# ayuda elección de estudios superior



## kdm (May 1, 2011)

hola a todos tengo 24 años y en su día finalice grado medio de electrónica, me gusto y lo saque bien, empece el superior de sistemas de telecomunicacion e informaticos y lo deje me gustaba y tal pero vi demasiada informatica y programación total que ahora he visto el de desarrollo de productos electrónico y me interesa mas pero informandome he visto que lo van a modificar digamos dejara de ser "diseño" para "reparar" lo que me tira para atrás es que si lo cambian sera por algo ¿poca salida laboral?¿mal ciclo o malos créditos? nose he mirado fp's y es o este o telecos, no me gustaria sacarmerlo para que no valiera para nada por otro lado si lo acabara seguiría formandome asi que tendría este ciclo que me gusta,volviendo al tema laboral se que esta difícil en españa pero bueno sera cuestión de ponerle empeño ¿como os va a vosotros?
mil gracias


----------



## dayo (May 5, 2011)

Ok. Estudio 7 semestre de ingenieria en telecomunicaciones y te dire lo que pienso a pesar de tener poca experiencia.

Como absolutamente todo en la vida depende de donde te encuentres, de tu ambiente. España tiene fama de tener unas de las universidades mas difciles en materias de tecnologia (telecomunicaciones, electrica) y la mayoria de los que estan contentos es porque se fueron de ahi, tan simple como eso, pero en verdad no vivo ahi por tanto *"NO SE"*....
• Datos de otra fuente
lemma unitary_mat_partial_row_norms:
  assumes W: "unitary_mat n W" and j: "j \<le> n"
  shows "\<And>a. a < n \<Longrightarrow> 0 \<le> (\<Sum>i<j. (cmod (W $$ (a, i)))\<^sup>2) \<and> (\<Sum>i<j. (cmod (W $$ (a, i)))\<^sup>2) \<le> 1"
    and "(\<Sum>a<n. \<Sum>i<j. (cmod (W $$ (a, i)))\<^sup>2) = real j"
proof -
  fix a assume "a < n"
  moreover have "(\<Sum>i<j. (cmod (W $$ (a, i)))\<^sup>2) \<le> (\<Sum>i<n. (cmod (W $$ (a, i)))\<^sup>2)"
    using j by (intro sum_mono2) auto
  ultimately show "0 \<le> (\<Sum>i<j. (cmod (W $$ (a, i)))\<^sup>2) \<and> (\<Sum>i<j. (cmod (W $$ (a, i)))\<^sup>2) \<le> 1"
    using unitary_mat_row_norm[OF W] by (simp add: sum_nonneg)
next
  show "(\<Sum>a<n. \<Sum>i<j. (cmod (W $$ (a, i)))\<^sup>2) = real j"
    using j unitary_mat_col_norm[OF W] by (subst sum.swap) simp
qed

section \<open>The spectral theorem for Hermitian matrices\<close>

definition normalize_vec :: "complex Matrix.vec \<Rightarrow> complex Matrix.vec" where
  "normalize_vec v = complex_of_real (1 / sqrt (Re (v \<bullet>c v))) \<cdot>\<^sub>v v"

lemma cscalar_prod_smult:
  fixes v w :: "complex Matrix.vec"
  assumes "dim_vec v = dim_vec w"
  shows "(a \<cdot>\<^sub>v v) \<bullet>c (b \<cdot>\<^sub>v w) = a * cnj b * (v \<bullet>c w)"
  using assms by (simp add: conjugate_smult_vec)

lemma normalize_vec_unit:
  fixes v :: "complex Matrix.vec"
  assumes "v \<in> carrier_vec n" "v \<noteq> 0\<^sub>v n"
  shows "normalize_vec v \<bullet>c normalize_vec v = 1"
proof -
  have "v \<bullet>c v > 0" using conjugate_square_greater_0_vec[OF assms(1)] assms(2) by simp
  then obtain r where r: "v \<bullet>c v = complex_of_real r" "r > 0"
    by (metis complex_eq_iff less_complex_def of_real_0 Re_complex_of_real Im_complex_of_real zero_complex.sel)
  have "normalize_vec v \<bullet>c normalize_vec v =
      complex_of_real (1 / sqrt r) * cnj (complex_of_real (1 / sqrt r)) * complex_of_real r"
    unfolding normalize_vec_def cscalar_prod_smult[OF refl] r(1) by simp
  also have "\<dots> = complex_of_real (1 / sqrt r * (1 / sqrt r) * r)"
    by (simp only: complex_cnj_complex_of_real of_real_mult)
  also have "1 / sqrt r * (1 / sqrt r) * r = 1"
    using r(2) by (simp add: divide_simps)
  finally show ?thesis by simp
qed

lemma normalize_vec_orthogonal:
  fixes v w :: "complex Matrix.vec"
  assumes "dim_vec v = dim_vec w" "v \<bullet>c w = 0"
  shows "normalize_vec v \<bullet>c normalize_vec w = 0"
  unfolding normalize_vec_def cscalar_prod_smult[OF assms(1)] assms(2) by simp

lemma normalize_vec_id: "v \<bullet>c v = 1 \<Longrightarrow> normalize_vec v = v"
  by (simp add: normalize_vec_def)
La carrera: La carrera de ing en teleco es jodida, jodida de cojones, al principio es igual de dificil que  ing electrica o electronica pero despues es aun mas dificil porque te toca materias como sistemas de comunicaciones o antenas y son materias que tienen una matematica "abstracta" . Por ejemplo:  para cualquiera una antena es una vara de aluminio pero para nosostros representa desde ecuaciones de maxwell hasta vectores de poynting y mucho mas alla.

Ayer mismo me qued desde las 930 de la mañana hasta las 7 de la noche (muy enserio).

En verdad teleco es como el resto de las carreras, el que sirve, sirve.

Ahora bien, la otra carrera esa de diseño en nosequemas, *"personalmente"* no la recomendaria, esas carreras de nombres tan comerciales no tienen misiones, solo es para sacar lo maximo que puedan en dinero y despues para afuera.

Te dejo estos enlaces que me parece perfecto no solo para usted sino para todos lo que quieran estudiar teleco ( o cualquier otra ingenieria *"dificil"*):

http://http://www.foroteleco.com/forum/estudiantes/1027-volverias-estudiar-teleco.html

http://http://es.scribd.com/doc/7045051/Teleco-Segun-Un-Teleco-Por-Karpov-Para-Foroteleco

http://http://www.foroteleco.com/forum/futuros-estudiantes/4914-teleco-seg-n-un-teleco-ahora-en-serio.html

Saludos a todos.


----------



## MacPerez (May 9, 2011)

Yo también estoy interesado en los ciclos medios o fps y también en los superiores, siempre y cuando sean de la rama de electrónica.

¿Alguien que los esté cursando nos podría contar un poco?


¡Gracias!


----------